WORK ORDER:
Nothing is needed except the lines below that run from the one with "by (auto simp: qpinv_def qpoch_nonzero" through the one with "q powi k) *", repeated exactly.

(DATA TO USE Opens)

lemma qpinv_pm_neg: "a < 0 \<Longrightarrow> qpinv_pm q a k = 0"
  by (rule qpinv_pm_eq_0) linarith

lemma qpinv_pm_uminus: "qpinv_pm q a (- k) = qpinv_pm q a k"
  by (simp add: qpinv_pm_def mult.commute)

lemma qpinv_pm_nonzero_imp: "qpinv_pm q a k \<noteq> 0 \<Longrightarrow> \<bar>k\<bar> \<le> a"
  using qpinv_pm_eq_0[of a k q] by linarith

lemma triangular_add:
  fixes a b :: int
  shows "(a + b) * (a + b - 1) div 2 = a * (a - 1) div 2 + b * (b - 1) div 2 + a * b"
proof -
  have "even (c * (c - 1))" for c :: int
    by (cases "even c") auto
  then obtain x y where "a * (a - 1) = 2 * x" and "b * (b - 1) = 2 * y"
    by (meson evenE)
  moreover have "(a + b) * (a + b - 1) = a * (a - 1) + b * (b - 1) + 2 * (a * b)"
    by (simp add: algebra_simps)
  ultimately show ?thesis
    by simp
qed

text \<open>The hypothesis \<open>0 < |q| < 1\<close> of the theorem is only used through the invertibility of \<open>q\<close>
  and of all \<open>(q)_n\<close>.\<close>

locale generic_q =
  fixes q :: complex
  assumes nonzero: "q \<noteq> 0"
    and not_root_of_unity: "n > 0 \<Longrightarrow> q ^ n \<noteq> 1"
begin

lemma qpoch_nonzero: "qpoch q n \<noteq> 0"
  using not_root_of_unity by (auto simp: qpoch_def)

lemma qpinv_eq_0_iff: "qpinv q n = 0 \<longleftrightarrow> n < 0"
  by (simp add: qpinv_def qpoch_nonzero)

lemma qpinv_qpoch: "0 \<le> n \<Longrightarrow> qpinv q n * qpoch q (nat n) = 1"
  by (simp add: qpinv_def qpoch_nonzero)

lemma qpoch_mult_eq_iff: "0 \<le> a \<Longrightarrow> qpoch q (nat a) * x = y \<longleftrightarrow> x = qpinv q a * y"
  by (auto simp: qpinv_def qpoch_nonzero field_simps)

lemma powi_add: "q powi (a + b) = q powi a * q powi b"
  using nonzero by (simp add: power_int_add)

lemma qpoch_nat_succ: "0 \<le> n \<Longrightarrow> qpoch q (nat (n + 1)) = qpoch q (nat n) * (1 - q powi (n + 1))"
  by (induction n rule: int_ge_induct) (auto simp: qpoch_Suc nat_add_distrib power_int_def)

lemma qpinv_rec: "qpinv q n = (1 - q powi (n + 1)) * qpinv q (n + 1)"
proof (cases "n < 0")
  case True
  then show ?thesis by (cases "n = -1") (auto simp: qpinv_neg)
next
  case False
  then show ?thesis
    using qpoch_nat_succ[of n] qpoch_nonzero not_root_of_unity[of "nat (n + 1)"]
    by (auto simp: qpinv_def power_int_def field_simps)
qed

lemma qbinom_pascal:
  assumes "0 \<le> n"
  shows "qbinom q (n + 1) k = q powi (n + 1 - k) * qbinom q n (k - 1) + qbinom q n k"
proof -
  have lower: "qpinv q (k - 1) = (1 - q powi k) * qpinv q k"
    using qpinv_rec[of "k - 1"] by simp
  have upper: "qpinv q (n - k) = (1 - q powi (n + 1 - k)) * qpinv q (n + 1 - k)"
    using qpinv_rec[of "n - k"] by (simp add: algebra_simps)
  have "q powi (n + 1 - k) * qbinom q n (k - 1) + qbinom q n k
      = qpoch q (nat n) * qpinv q k * qpinv q (n + 1 - k)
        * (q powi (n + 1 - k) * (1 - q powi k) + (1 - q powi (n + 1 - k)))"
    unfolding qbinom_def lower upper by (simp add: algebra_simps)
  also have "\<dots> = qpoch q (nat n) * (1 - q powi (n + 1)) * qpinv q k * qpinv q (n + 1 - k)"
    using powi_add[of "n + 1 - k" k] by (simp add: algebra_simps)
  also have "\<dots> = qbinom q (n + 1) k"
    using assms by (simp add: qbinom_def qpoch_nat_succ)
  finally show ?thesis ..
qed

section \<open>q-Vandermonde, the q-binomial theorem and orthogonality\<close>

lemma qbinom_vandermonde:
  assumes "0 \<le> d"
  shows "supp_sum (\<lambda>i. q powi (i * (d - b + i)) * qbinom q (int N) i * qbinom q d (b - i))
    = qbinom q (int N + d) b"
proof (induction N arbitrary: b)
  case 0
  show ?case
    by (subst supp_sum_single[of 0]) (auto simp: qbinom_eq_0 qbinom_def qpinv_def qpoch_def)
next
  case (Suc N)
  define t where "t N b = (\<lambda>i. q powi (i * (d - b + i)) * qbinom q (int N) i * qbinom q d (b - i))"
    for N b
  have IH: "supp_sum (t N b') = qbinom q (int N + d) b'" for b'
    using Suc.IH by (simp add: t_def)
  have split: "t (Suc N) b i = q powi (int N + d + 1 - b) * t N (b - 1) (i - 1) + t N b i" for i
  proof -
    have "q powi (i * (d - b + i)) * q powi (int N + 1 - i)
        = q powi (int N + d + 1 - b) * q powi ((i - 1) * (d - (b - 1) + (i - 1)))"
      unfolding powi_add[symmetric] by (simp add: algebra_simps)
    then show ?thesis
      using qbinom_pascal[of "int N" i] by (simp add: t_def algebra_simps)
  qed
  have "supp_sum (t (Suc N) b)
      = q powi (int N + d + 1 - b) * supp_sum (\<lambda>i. t N (b - 1) (i - 1)) + supp_sum (t N b)"
    unfolding split supp_sum_cmult[symmetric]
    by (rule supp_sum_add[of "{0..int N + 1}"]) (auto simp: t_def qbinom_eq_0)
  also have "\<dots> = q powi (int N + d + 1 - b) * qbinom q (int N + d) (b - 1) + qbinom q (int N + d) b"
    using supp_sum_shift[of "t N (b - 1)" "-1"] by (simp add: IH)
  also have "\<dots> = qbinom q (int (Suc N) + d) b"
    using qbinom_pascal[of "int N + d" b] assms by (simp add: algebra_simps)
  finally show ?case
    by (simp add: t_def)
qed

lemma q_vandermonde:
  "supp_sum (\<lambda>i. q powi (i * (d - b + i)) * qpinv q i * qpinv q (N - i) * qpinv q (b - i) * qpinv q (d - b + i))
    = qpoch q (nat (N + d)) * qpinv q N * qpinv q d * qpinv q b * qpinv q (N + d - b)"
proof (cases "N < 0 \<or> d < 0")
  case True
  then have "qpinv q i * qpinv q (N - i) * qpinv q (b - i) * qpinv q (d - b + i) = 0" for i
    by (auto simp: qpinv_eq_0_iff)
  then show ?thesis
    using True by (auto simp: supp_sum_def qpinv_neg)
next
  case False
  then obtain M where M: "N = int M"
    by (metis nonneg_eq_int not_less)
  have "qpoch q (nat N) * (qpoch q (nat d) * supp_sum (\<lambda>i. q powi (i * (d - b + i))
      * qpinv q i * qpinv q (N - i) * qpinv q (b - i) * qpinv q (d - b + i)))
    = qpoch q (nat (N + d)) * qpinv q b * qpinv q (N + d - b)"
    using qbinom_vandermonde[of d b M] False
    by (simp add: M qbinom_def supp_sum_cmult[symmetric] algebra_simps)
  then show ?thesis
    using False by (simp add: qpoch_mult_eq_iff)
qed

lemma q_vandermonde':
  "supp_sum (\<lambda>i. q powi ((N - i) * (b - i)) * qpinv q i * qpinv q (N - i) * qpinv q (b - i) * qpinv q (d - b + i))
    = qpoch q (nat (N + d)) * qpinv q N * qpinv q d * qpinv q b * qpinv q (N + d - b)"
proof -
  define f where "f j = q powi (j * (d - (N + d - b) + j)) * qpinv q j * qpinv q (N - j)
    * qpinv q (N + d - b - j) * qpinv q (d - (N + d - b) + j)" for j
  have "supp_sum (\<lambda>i. q powi ((N - i) * (b - i)) * qpinv q i * qpinv q (N - i) * qpinv q (b - i)
      * qpinv q (d - b + i)) = supp_sum (\<lambda>i. f (N - i))"
    by (simp add: f_def algebra_simps)
  also have "\<dots> = supp_sum f"
    by (rule supp_sum_reflect)
  also have "\<dots> = qpoch q (nat (N + d)) * qpinv q N * qpinv q d * qpinv q b * qpinv q (N + d - b)"
    unfolding f_def q_vandermonde by (simp add: algebra_simps)
  finally show ?thesis .
qed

(DATA TO USE Closes)

ANSWER SECTION:
  by (auto simp: qpinv_def qpoch_nonzero field_simps)

lemma powi_add: "q powi (a + b) = q powi a * q powi b"
  using nonzero by (simp add: power_int_add)

lemma qpoch_nat_succ: "0 \<le> n \<Longrightarrow> qpoch q (nat (n + 1)) = qpoch q (nat n) * (1 - q powi (n + 1))"
  by (induction n rule: int_ge_induct) (auto simp: qpoch_Suc nat_add_distrib power_int_def)

lemma qpinv_rec: "qpinv q n = (1 - q powi (n + 1)) * qpinv q (n + 1)"
proof (cases "n < 0")
  case True
  then show ?thesis by (cases "n = -1") (auto simp: qpinv_neg)
next
  case False
  then show ?thesis
    using qpoch_nat_succ[of n] qpoch_nonzero not_root_of_unity[of "nat (n + 1)"]
    by (auto simp: qpinv_def power_int_def field_simps)
qed

lemma qbinom_pascal:
  assumes "0 \<le> n"
  shows "qbinom q (n + 1) k = q powi (n + 1 - k) * qbinom q n (k - 1) + qbinom q n k"
proof -
  have lower: "qpinv q (k - 1) = (1 - q powi k) * qpinv q k"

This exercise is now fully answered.